Фредерик Дюма тоже подвергался атакам груперов. И я знаю еще примеры. Но вообще-то груперы — миролюбивые создания. Правда, групер Раймона Коля и на следующий день бросался на аквалангистов и норовил их укусить. Но теперь мы были начеку и обращались с ним, как со злой собакой. Возможно, у этого групера просто-напросто остались неприятные воспоминания о каких-нибудь других подводниках, которые побывали тут до нас.
— Вообще, — говорит Фалько, — я знаю только двух рыб, способных, как говорится, привязаться к человеку, иногда даже очень сильно. Одна — групер, вторая — спинорог.
Коль — он склонен приписывать рыбам человеческие недостатки и достоинства — вступает:
— Спинороги симпатичные, но положиться на них нельзя. Всем известно, что их любимый корм — мясе тридакны. Ну, вот, открываю я тридакну и предлагаю мясо спинорогу, а он меня хвать за палец. Мне кажется, что качество — коварство — объединяет групера и спинорога. А в другой раз мы с Делемоттом проплывали мимо спинорогов, которые вентилировали икру. Мы даже не смотрели на них, так нет же — сорвались с места и атаковали нас.
После этого рассказа мы подумали, что было бы интересно снять, как спинорог нападает на подводника. Однако эпизод не удался— вернее, чересчур удался: Делемотт был изрядно покусан. Поэтому для дубля мы надежно обмотали ему руки бинтами.

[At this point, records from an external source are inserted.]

(* Given two curves $\sigma=(v_1,\dots,v_{m'})$ and $\tau=(w_1,\dots,w_{m''})$ in $\mathbb{R}^d$ and a parameter $k\in\mathbb{N}$, for any $0<\varepsilon\le 1$ there exists a $(1+\varepsilon)$-approximation algorithm for $d_{k\text{-}DTW}(\sigma,\tau)$ (i.e., one that outputs a value $X$ with $d_{k\text{-}DTW}(\sigma,\tau)\le X\le(1+\varepsilon)\,d_{k\text{-}DTW}(\sigma,\tau)$) that runs in $O\!\left(m'm''\frac{\log(k/\varepsilon)}{\varepsilon}\right)$ time.
   Context: A traversal of $\sigma$ and $\tau$ is a sequence of index pairs starting with $(1,1)$, ending with $(m',m'')$, where each $(i,j)$ is followed only by $(i+1,j)$, $(i,j+1)$ or $(i+1,j+1)$. For a traversal $T$ let $s^{(T)}_1\ge s^{(T)}_2\ge\dots$ be the Euclidean distances $\|v_i-w_j\|$, $(i,j)\in T$, sorted non-increasingly, padded with zeros beyond $|T|$; $d_{k\text{-}DTW}(\sigma,\tau)=\min_T\sum_{l=1}^k s^{(T)}_l$. Running time counts distance computations and arithmetic operations as unit cost. *)

theory Defs
  imports Complex_Main
begin

text \<open>A point of R^d is a real list of length d; a curve is a nonempty list of points.
  Curve vertices are indexed 1..m as in the paper (list position i-1).\<close>

definition eucl_dist :: "real list \<Rightarrow> real list \<Rightarrow> real" where
  "eucl_dist x y = sqrt (\<Sum>i<length x. (x ! i - y ! i)^2)"

definition is_traversal :: "nat \<Rightarrow> nat \<Rightarrow> (nat \<times> nat) list \<Rightarrow> bool" where
  "is_traversal m1 m2 T \<longleftrightarrow> T \<noteq> [] \<and> hd T = (1,1) \<and> last T = (m1, m2) \<and>
     (\<forall>l. Suc l < length T \<longrightarrow>
        (let (i,j) = T ! l in T ! Suc l \<in> {(i+1,j), (i,j+1), (i+1,j+1)}))"

definition topk_sum :: "nat \<Rightarrow> real list \<Rightarrow> real" where
  "topk_sum k xs = (let s = rev (sort xs) in
     (\<Sum>l<k. if l < length s then s ! l else 0))"

definition trav_cost :: "nat \<Rightarrow> real list list \<Rightarrow> real list list \<Rightarrow> (nat \<times> nat) list \<Rightarrow> real" where
  "trav_cost k \<sigma> \<tau> T = topk_sum k (map (\<lambda>(i,j). eucl_dist (\<sigma> ! (i - 1)) (\<tau> ! (j - 1))) T)"

definition kdtw :: "nat \<Rightarrow> real list list \<Rightarrow> real list list \<Rightarrow> real" where
  "kdtw k \<sigma> \<tau> = Inf {trav_cost k \<sigma> \<tau> T | T. is_traversal (length \<sigma>) (length \<tau>) T}"

text \<open>The algorithm accesses the input only through distance queries
  dist(v_i, w_j) (1-based indices) and performs exact real arithmetic
  (+, -, *, /), constants and comparisons; every node costs one unit.
  Computed values are kept in a store (list), addressed by position.\<close>

datatype aop = Add | Sub | Mul | Dvd

datatype ctree =
    Ret nat
  | Query nat nat ctree
  | Cnst real ctree
  | Op aop nat nat ctree
  | IfLe nat nat ctree ctree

У вас может сложиться впечатление, что спинорог — грозный противник. Верное впечатление. Но не забудьте, что длина этого «чудовища» всего сорок — пятьдесят сантиметров, и он ярко окрашен. Свирепость спинорога оправдывается средой обитания. В царстве кораллов малейший признак слабости равносилен смерти. Особи и виды, которые обращаются в бегство, вместо того чтобы давать отпор, обречены. Слабого, беззащитного быстро съедают. Вот почему морские животные нередко способны на отвагу и героизм, который человеку может показаться нелепым. Спинороги особенно вспыльчивы, когда дозревает их икра. Самка охраняет гнездо и дает отпор всем чужакам, независимо от их величины, включая, аквалангистов. И проявляет при этом такое пренебрежение к собственной сохранности, что на суше сразу и не подберешь близкого примера. Инстинкт продолжения рода берет верх над страхом смерти, и мамаша спинорог будет упорно атаковать, даже когда очевидно, что она обрекает себя на погибель. Конечно, отвага спинорога диктуется не героическими качествами души, а законами экологического равновесия на рифе. Несмотря на бдительную охрану, лишь немногие мальки спинорогов достигают зрелого возраста. Ровно столько, сколько риф может прокормить.